Anders herum: die Beteiligten haben in einem Ehevertrag Gütertrennung vereinbart, die Durchführung des Versorgungsausgleichs aber vorbehalten. Nunmehr existiert eine Lebensversicherung auf Rentenbasis mit einem Kapitalwahlrecht. Übt der Versicherungsnehmer vor dem Stichtag sein Kapitalwahlrecht aus, ist die Versicherung dem Versorgungsausgleich entzogen – gleichzeitig kann ein Ausgleich über den Zugewinnausgleich nicht erfolgen, weil die Beteiligten die Gütertrennung vereinbart haben.

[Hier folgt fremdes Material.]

lemma star_module_iff_PhiX_surj: "star_module X act \<longleftrightarrow> (\<forall>m. X m \<subseteq> PhiX act m ` prodX X m)"
proof -
  have "equiv UNIV (opequiv X act m)" for m
    unfolding opequiv_def equivp_equiv by simp
  then have "bij_betw (\<lambda>c. the_elem (PhiX act m ` c)) (prodX X m // opequiv X act m) (X m)
      \<longleftrightarrow> PhiX act m ` prodX X m = X m" for m
    by (rule bij_betw_quotient_iff_image) (auto simp: opequiv_def intro: PhiX_opequivp opequivp_if_PhiX_eq)
  then show ?thesis
    unfolding star_module_def using PhiX_in by blast
qed

lemma act_fixed_if_fixed_levelwise:
  assumes x: "x \<in> X m" and h: "\<And>k. k \<le> m \<Longrightarrow> inj (h k)"
    and fixed: "\<And>k. k \<le> m \<Longrightarrow> act m (\<lambda>i. if i = k then h k else id) x = x"
  shows "act m h x = x"
proof -
  have "act m (\<lambda>i. if i < j then h i else id) x = x" if "j \<le> Suc m" for j
    using that
  proof (induction j)
    case 0
    show ?case
      using act_id[OF x] by (simp add: id_def)
  next
    case (Suc j)
    have "(\<lambda>i. if i < j then h i else id) \<in> EM m" "(\<lambda>i. if i = j then h j else id) \<in> EM m"
      using h Suc.prems by (simp_all add: EM_def)
    moreover have "(\<lambda>i. if i < Suc j then h i else id)
        = (\<lambda>i. (if i < j then h i else id) \<circ> (if i = j then h j else id))"
      by (auto simp: fun_eq_iff)
    ultimately have "act m (\<lambda>i. if i < Suc j then h i else id) x
        = act m (\<lambda>i. if i < j then h i else id) (act m (\<lambda>i. if i = j then h j else id) x)"
      using act_comp[OF _ _ x] by simp
    also have "\<dots> = x"
      using fixed[of j] Suc by simp
    finally show ?case .
  qed
  moreover have "act m (\<lambda>i. if i < Suc m then h i else id) x = act m h x"
    using h by (intro act_cong[OF _ _ x]) (simp_all add: EM_def)
  ultimately show ?thesis
    by simp
qed

lemma k_supported_range:
  assumes "a \<in> EM n" "x \<in> X n"
  shows "k_supported act n k (range (a k)) (act n a x)"
  unfolding k_supported_def
proof (intro allI impI)
  fix u
  assume u: "inj u \<and> (\<forall>t\<in>range (a k). u t = t)"
  then have "(\<lambda>i. if i = k then u else id) \<in> EM n"
    by (simp add: EM_def)
  then show "act n (\<lambda>i. if i = k then u else id) (act n a x) = act n a x"
    using u by (intro act_absorb assms) auto
qed

lemma mild_if_PhiX_surj:
  assumes "\<And>m. X m \<subseteq> PhiX act m ` prodX X m"
  shows "mild X act"
  unfolding mild_def
proof (intro allI ballI impI)
  fix n y k
  assume "y \<in> X n" "k \<le> n"
  then obtain f x where fx: "(f, x) \<in> prodX X n" and y: "y = act n (\<lambda>i. f i \<circ> iota 1) x"
    using assms by (force simp: PhiX_def)
  then have f: "\<And>i. i \<le> n \<Longrightarrow> inj_disjoint (f i \<circ> iota 1) (f i \<circ> iota 2)"
    by (intro EInj2_restrictions_inj_disjoint) (simp_all add: prodX_def)
  then have "(\<lambda>i. f i \<circ> iota 1) \<in> EM n"
    by (simp add: EM_def inj_disjoint_def)
  moreover have "infinite (- range (f k \<circ> iota 1))"
    using f[OF \<open>k \<le> n\<close>] by (rule inj_disjoint_infinite_compl)
  moreover have "x \<in> X n"
    using fx by (simp add: prodX_def)
  ultimately show "\<exists>A. infinite (UNIV - A) \<and> k_supported act n k A y"
    unfolding y Compl_eq_Diff_UNIV using k_supported_range by blast
qed

lemma PhiX_surj_if_mild:
  assumes "mild X act" "y \<in> X m"
  shows "y \<in> PhiX act m ` prodX X m"
proof -
  have "\<forall>k\<le>m. \<exists>A. infinite (- A) \<and> k_supported act m k A y"
    using assms by (simp add: mild_def Compl_eq_Diff_UNIV)
  then obtain A where A: "\<And>k. k \<le> m \<Longrightarrow> infinite (- A k) \<and> k_supported act m k (A k) y"
    by metis
  define h where "h k = hotel_shift (- A k)" for k
  define g where "g k = hotel_room (- A k)" for k
  have hg: "inj_disjoint (h k) (g k)" if "k \<le> m" for k
    using A[OF that] hotel_inj_disjoint by (simp add: h_def g_def)
  have "act m h y = y"
  proof (rule act_fixed_if_fixed_levelwise[OF assms(2)])
    fix k
    assume "k \<le> m"
    then show "inj (h k)"
      using hg by (simp add: inj_disjoint_def)
    moreover have "\<forall>t\<in>A k. h k t = t"
      by (simp add: h_def)
    ultimately show "act m (\<lambda>i. if i = k then h k else id) y = y"
      using A[OF \<open>k \<le> m\<close>] by (simp add: k_supported_def)
  qed
  then have "PhiX act m (copair h g, y) = y"
    unfolding PhiX_def fst_conv snd_conv copair_iota_1 .
  moreover have "(copair h g, y) \<in> prodX X m"
    using hg assms(2) by (simp add: prodX_def copair_in_EInj2)
  ultimately show ?thesis
    by force
qed

end

theorem theorem2p24:
  fixes X :: "nat \<Rightarrow> 'a set"
    and F :: "nat \<Rightarrow> nat \<Rightarrow> (nat \<Rightarrow> nat) \<Rightarrow> 'a \<Rightarrow> 'a"
    and act :: "nat \<Rightarrow> (nat \<Rightarrow> nat \<Rightarrow> nat) \<Rightarrow> 'a \<Rightarrow> 'a"
  assumes "EM_sset X F act"
  shows "star_module X act \<longleftrightarrow> mild X act"
proof -
  interpret EM_action X act
    using assms by (rule EM_sset_imp_EM_action)
  show ?thesis
    using star_module_iff_PhiX_surj mild_if_PhiX_surj PhiX_surj_if_mild by blast
qed

end
lemma norm_add_scaleR_strict_mono:
  fixes x y :: 'a
  assumes x: "norm x = 1" and y: "norm y = 1" "isosceles_orth x y" and st: "0 \<le> s" "s < t"
  shows "norm (x + s *\<^sub>R y) < norm (x + t *\<^sub>R y)"
proof -
  define h where "h t = norm (x + t *\<^sub>R y)" for t
  have h_convex: "convex_on UNIV h" unfolding h_def by (rule convex_on_norm_line)
  have h_even: "h (- t) = h t" for t
    using isosceles_orth_homogeneous[OF y(2), of 1 t] by (simp add: h_def isosceles_orth_def)
  have h_mono: "h a \<le> h b" if "0 \<le> a" "a \<le> b" for a b
    using convex_on_even_mono[OF h_convex h_even that] .
  have h_ge: "1 \<le> h a" for a
    using birkhoff_orthD[OF isosceles_imp_birkhoff[OF y(2)], of a] x y by (simp add: h_def)
  have "h s \<noteq> h t"
  proof
    assume eq: "h s = h t"
    define m where "m = (s + t) / 2"
    have "h m \<le> (1 - 1/2) * h s + 1/2 * h t"
      using convex_onD[OF h_convex, of "1/2" s t] by (simp add: m_def field_simps)
    moreover have "h s \<le> h m" using st by (intro h_mono) (auto simp: m_def)
    ultimately have hm: "h m = h t" using eq by simp
    define H where "H = h t"
    have H: "1 \<le> H" using h_ge by (simp add: H_def)
    define P Q where "P = (1 / H) *\<^sub>R (x + s *\<^sub>R y)" and "Q = (1 / H) *\<^sub>R (x + t *\<^sub>R y)"
    have P: "norm P = 1" and Q: "norm Q = 1"
      using H eq by (auto simp: P_def Q_def H_def h_def)
    have "(x + s *\<^sub>R y) + (x + t *\<^sub>R y) = 2 *\<^sub>R (x + m *\<^sub>R y)"
      by (simp add: m_def algebra_simps scaleR_2 flip: scaleR_add_left)
    then have "P + Q = (2 / H) *\<^sub>R (x + m *\<^sub>R y)"
      by (simp add: P_def Q_def flip: scaleR_add_right)
    then have "norm (P + Q) = 2" using H hm by (auto simp: h_def H_def)
    then have "P = Q" by (rule unit_sphere_strictly_convex[OF P Q])
    then have "s *\<^sub>R y = t *\<^sub>R y" using H by (simp add: P_def Q_def)
    with st y(1) show False by auto
  qed
  with h_mono[of s t] st show ?thesis by (simp add: h_def)
qed

lemma norm_add_scaleR_sq:
  fixes x y :: 'a
  assumes x: "norm x = 1" and y: "norm y = 1" "isosceles_orth x y"
  shows "(norm (x + t *\<^sub>R y))\<^sup>2 = 1 + t\<^sup>2"
proof -
  define h where "h t = norm (x + t *\<^sub>R y)" for t
  have h_even: "h (- t) = h t" for t
    using isosceles_orth_homogeneous[OF y(2), of 1 t] by (simp add: h_def isosceles_orth_def)
  have pos: "(h t)\<^sup>2 = 1 + t\<^sup>2" if t: "t > 0" for t
  proof -
    \<comment> \<open>Swapping the coefficients of x and of the unit vector u in direction \<open>x + t y\<close>
      shows that h takes the value \<open>h t\<close> also at \<open>c = ((h t)\<^sup>2 - 1) / t\<close>.\<close>
    define H where "H = h t"
    have H: "1 \<le> H"
      using birkhoff_orthD[OF isosceles_imp_birkhoff[OF y(2)], of t] x y by (simp add: H_def h_def)
    define u where "u = (1 / H) *\<^sub>R (x + t *\<^sub>R y)"
    have u: "norm u = 1" using H by (auto simp: u_def H_def h_def)
    define c where "c = (H\<^sup>2 - 1) / t"
    have "(1 / H) *\<^sub>R (c *\<^sub>R x - y) = (H / t - 1 / (t * H)) *\<^sub>R x - (1 / H) *\<^sub>R y"
      using H t by (simp add: c_def field_simps power2_eq_square)
    also have "\<dots> = (H / t) *\<^sub>R x + (- 1 / t) *\<^sub>R u"
      using H t by (simp add: u_def algebra_simps)
    finally have "norm ((1 / H) *\<^sub>R (c *\<^sub>R x - y)) = norm ((- 1 / t) *\<^sub>R x + (H / t) *\<^sub>R u)"
      using norm_scaleR_add_swap[OF x u, of "H / t" "- 1 / t"] by simp
    also have "(- 1 / t) *\<^sub>R x + (H / t) *\<^sub>R u = y"
      using H t by (simp add: u_def algebra_simps)
    finally have "norm ((1 / H) *\<^sub>R (c *\<^sub>R x - y)) = norm y" .
    then have "\<bar>1 / H\<bar> * norm (c *\<^sub>R x - y) = 1" using y(1) by (simp only: norm_scaleR)
    then have "norm (c *\<^sub>R x - y) = H" using H by (simp add: field_simps)
    also have "norm (c *\<^sub>R x - y) = h c"
      using norm_scaleR_add_swap[OF x y(1), of c "- 1"] h_even[of c]
      by (simp add: h_def norm_minus_commute)
    finally have "h c = h t" by (simp add: H_def)
    moreover have "c \<ge> 0" using H t by (simp add: c_def)
    ultimately have "c = t"
      using norm_add_scaleR_strict_mono[OF x y, of c t] norm_add_scaleR_strict_mono[OF x y, of t c]
        t
      by (cases c t rule: linorder_cases) (auto simp: h_def)
    then show ?thesis using t by (simp add: c_def H_def field_simps power2_eq_square)
  qed
  consider "t > 0" | "t = 0" | "- t > 0" by linarith
  then show ?thesis
    using pos[of t] pos[of "- t"] h_even[of t] x by cases (simp_all add: h_def)
qed

lemma norm_pythagorean:
  fixes x y :: 'a
  assumes "norm x = 1" "norm y = 1" "isosceles_orth x y"
  shows "(norm (a *\<^sub>R x + b *\<^sub>R y))\<^sup>2 = a\<^sup>2 + b\<^sup>2"
proof (cases "a = 0")
  case False
  have "a *\<^sub>R x + b *\<^sub>R y = a *\<^sub>R (x + (b / a) *\<^sub>R y)" using False by (simp add: algebra_simps)
  then have "(norm (a *\<^sub>R x + b *\<^sub>R y))\<^sup>2 = a\<^sup>2 * (1 + (b / a)\<^sup>2)"
    using norm_add_scaleR_sq[OF assms] by (simp add: power_mult_distrib)
  also have "\<dots> = a\<^sup>2 + b\<^sup>2" using False by (simp add: field_simps)
  finally show ?thesis .
qed (use assms in \<open>simp add: power_mult_distrib\<close>)

lemma inner_product_norm: "inner_product_norm TYPE('a)"
proof -
  obtain w :: 'a where "w \<notin> span {0}" using dim_UNIV_2_not_in_span[OF dim_UNIV] .
  define x where "x = w /\<^sub>R norm w"
  have x: "norm x = 1" "x \<noteq> 0" using \<open>w \<notin> span {0}\<close> by (auto simp: x_def)
  obtain y where y: "norm y = 1" "isosceles_orth y x"
    using dim_UNIV_2_isosceles_orth_exists[OF dim_UNIV, of 1] by auto
  have xy: "isosceles_orth x y" using y(2) by (simp add: isosceles_orth_commute)
  have "y \<noteq> 0" using y(1) by auto
  then have "y \<notin> span {x}"
    using birkhoff_orth_not_in_span isosceles_imp_birkhoff[OF y(2)] x y(1) by simp
  then have coords: "\<exists>a b. u = a *\<^sub>R x + b *\<^sub>R y" for u
    using dim_UNIV_2_span_pair[OF dim_UNIV x(2)] by (metis add.commute)
  define f where "f u v = ((norm (u + v))\<^sup>2 - (norm (u - v))\<^sup>2) / 4" for u v :: 'a
  have f_coords: "f (a *\<^sub>R x + b *\<^sub>R y) (c *\<^sub>R x + e *\<^sub>R y) = a * c + b * e" for a b c e
  proof -
    have sum: "(a *\<^sub>R x + b *\<^sub>R y) + (c *\<^sub>R x + e *\<^sub>R y) = (a + c) *\<^sub>R x + (b + e) *\<^sub>R y"
      and diff: "(a *\<^sub>R x + b *\<^sub>R y) - (c *\<^sub>R x + e *\<^sub>R y) = (a - c) *\<^sub>R x + (b - e) *\<^sub>R y"
      by (simp_all add: algebra_simps)
    show ?thesis
      unfolding f_def sum diff norm_pythagorean[OF x(1) y(1) xy]
      by (simp add: power2_eq_square algebra_simps)
  qed
  have f_sym: "f u v = f v u" for u v
    by (simp add: f_def add.commute norm_minus_commute)
  have f_add: "f (u1 + u2) v = f u1 v + f u2 v" and f_scale: "f (k *\<^sub>R u1) v = k * f u1 v"
    for u1 u2 v k
  proof -
    obtain a1 b1 a2 b2 c e where u: "u1 = a1 *\<^sub>R x + b1 *\<^sub>R y" "u2 = a2 *\<^sub>R x + b2 *\<^sub>R y"
      and v: "v = c *\<^sub>R x + e *\<^sub>R y"
      using coords by meson
    have "u1 + u2 = (a1 + a2) *\<^sub>R x + (b1 + b2) *\<^sub>R y" "k *\<^sub>R u1 = (k * a1) *\<^sub>R x + (k * b1) *\<^sub>R y"
      unfolding u by (simp_all add: algebra_simps)
    then show "f (u1 + u2) v = f u1 v + f u2 v" "f (k *\<^sub>R u1) v = k * f u1 v"
      unfolding v by (simp_all only: u f_coords) (simp_all add: algebra_simps)
  qed
  have "f u (v1 + v2) = f u v1 + f u v2" "f u (k *\<^sub>R v1) = k * f u v1" for u v1 v2 k
    using f_add[of v1 v2 u] f_scale[of k v1 u] f_sym[of u] by simp_all
  with f_add f_scale have "bilinear f"
    unfolding bilinear_def linear_iff by simp
  moreover have "norm u = sqrt (f u u)" for u
    by (simp add: f_def flip: scaleR_2)
  ultimately show ?thesis
    unfolding inner_product_norm_def using f_sym by blast
qed
(* Let $\mathcal D$ be a real-label template data distribution in which every template $z\in\mathrm{supp}(\mu_{\mathrm{tmplt}})$ consists only of wildcards ($z\in\mathcal W^k$), and suppose the label function $f_*$ is non-constant on $\mathrm{supp}(\mu_{\mathrm{tmplt}})$. Let $\mathcal X_{uns}$ be as below and assume $|\mathcal X_{uns}|\ge k$. Then for any SGD step $t$ and any step sizes, there is a string $x\in\mathcal X_{uns}^k$ matching some template $z\in\mathrm{supp}(\mu_{\mathrm{tmplt}})$ such that $$\mathbb E_{\theta^t}\big[(f_{\mathrm{MLP}}(x;\theta^t)-f_*(z))^2\big]\ge c>0,$$ where $c$ depends only on $\mu_{\mathrm{tmplt}}$ and $f_*$.
   Context: Let $\mathcal X$ be a finite alphabet of tokens with $m=|\mathcal X|$, and $\mathcal W$ a finite alphabet of wildcards disjoint from $\mathcal X$. A template is a string $z\in(\mathcal X\cup\mathcal W)^k$. A substitution map is an injective function $s:\mathcal W\to\mathcal X$; $\mathrm{sub}(z,s)\in\mathcal X^k$ denotes the string with $i$-th entry $z_i$ if $z_i\in\mathcal X$ and $s(z_i)$ if $z_i\in\mathcal W$. A string $x\in\mathcal X^k$ matches template $z$ if $x=\mathrm{sub}(z,s)$ for some substitution map $s$ with $s(\mathcal W)\cap\{z_1,\dots,z_k\}=\emptyset$. A real-label template data distribution $\mathcal D(\mu_{\mathrm{tmplt}},\{\mu_{sub,z}\}_z,f_*,\sigma)$ is given by a distribution $\mu_{\mathrm{tmplt}}$ on templates, for each $z\in\mathrm{supp}(\mu_{\mathrm{tmplt}})$ a distribution $\mu_{sub,z}$ on substitution maps, a label function $f_*:\mathrm{supp}(\mu_{\mathrm{tmplt}})\to\mathbb R$ and a noise level $\sigma\ge 0$; a sample is $(x,y)=(\mathrm{sub}(z,s),f_*(z)+\xi)$ with $z\sim\mu_{\mathrm{tmplt}}$, $s\sim\mu_{sub,z}$, $\xi\sim N(0,\sigma^2)$ independent. $\mathcal X=\mathcal X_{seen}\sqcup\mathcal X_{uns}$, where $\mathcal X_{seen}$ is the smallest set with $x\in\mathcal X_{seen}^k$ almost surely for $(x,y)\sim\mathcal D$. The MLP with depth $L$, width $d$ and differentiable activation $\phi$ has weights $\theta=\{W_1,\dots,W_L,w\}$ with $W_1\in\mathbb R^{d\times km}$, $W_\ell\in\mathbb R^{d\times d}$ ($\ell\ge2$), $w\in\mathbb R^d$, and outputs $f_{\mathrm{MLP}}(x;\theta)=w^Tz_L(x;\theta)$ where $z_0(x)=(e_{x_1},\dots,e_{x_k})\in\mathbb R^{km}$ and $z_\ell(x;\theta)=\phi(W_\ell z_{\ell-1}(x;\theta))$ elementwise. One-pass SGD: $\theta^0$ has independent Gaussian entries, i.i.d. within each of $W_1^0,\dots,W_L^0,w^0$; then $\theta^s=\theta^{s-1}-\eta_s\nabla_\theta(f_{\mathrm{MLP}}(x^s;\theta)-y^s)^2|_{\theta=\theta^{s-1}}$ with fresh independent samples $(x^s,y^s)\sim\mathcal D$ and step sizes $\eta_s>0$. *)

theory Defs
  imports "HOL-Probability.Probability"
begin
(* Let $\mathcal{T}$ be an MPQ-tree of an interval graph $G=(V,E)$, and let $x\ne y$ with $node(x)=node(y)=Q$ a Q-node with sections $S_1,\dots,S_k$. Suppose $x$ and $y$ have exactly one common section $S_i$ in $Q$, and the set $V_i$ of vertices of the subtree $T_i$ induces a clique in $G$ (possibly $V_i=\emptyset$). Then $(x,y)$ is an interval edge.
   Context: Graphs are finite and simple; for $G=(V,E)$ and $e\in E$, $G-e=(V,E\setminus\{e\})$. An edge $(x,y)\in E$ of an interval graph $G$ is an interval edge if $G-(x,y)$ is an interval graph. An MPQ-tree of an interval graph $G=(V,E)$, $V=\{1,\dots,n\}$, is a rooted plane tree whose nodes are P-nodes and Q-nodes. Each P-node carries a (possibly empty) set of vertices. A Q-node has $k\ge 3$ ordered positions $1,\dots,k$; position $i$ carries a set $S_i\subseteq V$ (the $i$-th section) and a child subtree $T_i$, which may be empty. Every vertex $v$ is assigned to exactly one node $node(v)$: either $v$ lies in the set of the P-node $node(v)$, or $node(v)$ is a Q-node and $v$ lies exactly in the sections $S_{l(v)},\dots,S_{r(v)}$ of it, with $l(v)<r(v)$. For a node with child subtrees $T_1,\dots,T_k$, $V_i$ denotes the set of vertices assigned to nodes of $T_i$ ($V_i=\emptyset$ if $T_i$ is empty). The maximal cliques of $G$ are in bijection with the descending paths from the root which at a P-node continue into one of its children (stopping if there is none) and at a Q-node choose a position $i$ and continue into $T_i$ (stopping if $T_i$ is empty); the clique is the union of the sets of the visited P-nodes and the chosen sections. Reading these cliques left to right gives a linear order of the maximal cliques, and the orders obtained this way after arbitrarily permuting children of P-nodes and reversing the positions of Q-nodes are exactly the orders of the maximal cliques of $G$ in which the cliques containing any fixed vertex are consecutive. Moreover, for every Q-node with sections $S_1,\dots,S_k$: (a) $V_1\neq\emptyset$ and $V_k\ne\emptyset$; (b) $S_1\subseteq S_2$ and $S_k\subseteq S_{k-1}$; (c) $S_{i-1}\cap S_i\neq\emptyset$ for $2\le i\le k$; (d) $S_{i-1}\neq S_i$ for $2\le i\le k$; (e) $(S_i\cap S_{i+1})\setminus S_1\neq\emptyset$ and $(S_{i-1}\cap S_i)\setminus S_k\neq\emptyset$ for $2\le i\le k-1$; (f) $(S_{i-1}\cup V_{i-1})\setminus S_i\neq\emptyset$ and $(S_i\cup V_i)\setminus S_{i-1}\neq\emptyset$ for $2\le i\le k$; and further (g) no empty P-node has an empty P-node as its parent, (h) no P-node has exactly one child whose root is a P-node, (i) every child subtree of a P-node is nonempty. *)

theory Defs
  imports Complex_Main "HOL-Library.Multiset"
begin

definition simple_graph :: "nat \<Rightarrow> nat set set \<Rightarrow> bool" where
  "simple_graph n E \<longleftrightarrow> (\<forall>e\<in>E. \<exists>u v. e = {u, v} \<and> u \<noteq> v \<and> u \<in> {1..n} \<and> v \<in> {1..n})"

definition interval_graph :: "nat \<Rightarrow> nat set set \<Rightarrow> bool" where
  "interval_graph n E \<longleftrightarrow> simple_graph n E \<and>
     (\<exists>a b :: nat \<Rightarrow> real. (\<forall>v\<in>{1..n}. a v \<le> b v) \<and>
        (\<forall>u\<in>{1..n}. \<forall>v\<in>{1..n}. u \<noteq> v \<longrightarrow> ({u, v} \<in> E \<longleftrightarrow> a u \<le> b v \<and> a v \<le> b u)))"

definition interval_edge :: "nat \<Rightarrow> nat set set \<Rightarrow> nat \<Rightarrow> nat \<Rightarrow> bool" where
  "interval_edge n E x y \<longleftrightarrow> {x, y} \<in> E \<and> interval_graph n (E - {{x, y}})"

definition is_clique :: "nat \<Rightarrow> nat set set \<Rightarrow> nat set \<Rightarrow> bool" where
  "is_clique n E C \<longleftrightarrow> C \<subseteq> {1..n} \<and> (\<forall>u\<in>C. \<forall>v\<in>C. u \<noteq> v \<longrightarrow> {u, v} \<in> E)"

definition max_clique :: "nat \<Rightarrow> nat set set \<Rightarrow> nat set \<Rightarrow> bool" where
  "max_clique n E C \<longleftrightarrow> is_clique n E C \<and> (\<forall>D. is_clique n E D \<and> C \<subseteq> D \<longrightarrow> D = C)"

definition consecutive_clique_order :: "nat \<Rightarrow> nat set set \<Rightarrow> nat set list \<Rightarrow> bool" where
  "consecutive_clique_order n E Cs \<longleftrightarrow> distinct Cs \<and> set Cs = {C. max_clique n E C} \<and>
     (\<forall>v. \<forall>i j k. i \<le> j \<and> j \<le> k \<and> k < length Cs \<and> v \<in> Cs ! i \<and> v \<in> Cs ! k \<longrightarrow> v \<in> Cs ! j)"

Entzieht ein Ehegatte ein von ihm zum Zwecke der Alterssicherung erworbenes Anrecht durch Ausübung des Kapitalwahlrecht dem Versorgungsausgleich und wird dieser Entzug nicht dadurch kompensiert, dass der andere Ehegatte über ein anderes Ausgleichssystem (insbesondere dem Zugewinnausgleich) an dem Vermögenswert teilhaben kann, verschiebt sich die Verteilungsgerechtigkeit unter den Ehegatten und entfällt in demselben Umfang die Grundlage dafür, in umgekehrter Richtung an Anrechten des anderen Ehegatten teilzuhaben. In diesen Fällen ist im Rahmen des Versorgungsausgleichs an die Anwendung der Härteklausel des § 27 VersAusglG zu denken.
Rz. 144
Ein weiterer Problemkreis ergibt sich, falls der Versicherungsnehmer und der Bezugsberechtigte auseinanderfallen. Wenn dies in der Praxis auch selten auftritt, so gibt es doch immer wieder Fälle, in denen beispielsweise der Ehemann seine Ehefrau unwiderruflich als bezugsberechtigt für die Versicherungsleistung eingesetzt hat. Im Fall einer solchen unwiderruflichen Bezugsberechtigung ist der Wert der Versicherung ausschließlich bei dem Bezugsberechtigten anzusetzen, wenn die Lebensversicherung nicht gekündigt werden kann.
Rz. 145
Noch schwieriger gestalten sich die Fälle, in denen ein gespaltenes Bezugsrecht vorliegt, wenn also beispielsweise der Ehemann als Versicherungsnehmer für den Überlebensfall bezugsberechtigt ist, während die Ehefrau für den Todesfall unwiderruflich bezugsberechtigt ist. Hier muss unter Abwägung der Wahrscheinlichkeit gerade eine Bewertung dieses unsicheren Rechts gegebenenfalls unter Anwendung der Sterbetafeln oder sogar unter Hinzuziehung eines Sachverständigen erfolgen.
Rz. 146
Bei der Bewertung einer Lebensversicherung ist grundsätzlich auf den so genannten Fortführungswert abzustellen. Der Fortführungswert setzt sich zusammen aus den angesparten Prämien abzüglich der von der Versicherung in Rechnung gestellten Kosten zuzüglich der Zinsen und der der Versicherung bereits zugeschriebenen Gewinnanteile; er wird von den Lebensversicherern auf Anfrage zum Stichtag nachgewiesen.
Empfehlung:
Als Faustformel gilt, dass der Fortführungswert grundsätzlich den Rückkaufswert um 8 % erhöht.
Rz. 147
Ausnahmsweise ist bei der Bewertung nicht auf den Fortführungswert, sondern auf den Rückkaufswert der Versicherung abzustellen, wenn am Stichtag die Fortführung des Vertragsverhältnisses nicht zu erwarten ist und auch selbst durch eine Stundung der Ausgleichsforderung nicht ermöglicht werden kann.
Rz. 148
Ein weiteres Problem ...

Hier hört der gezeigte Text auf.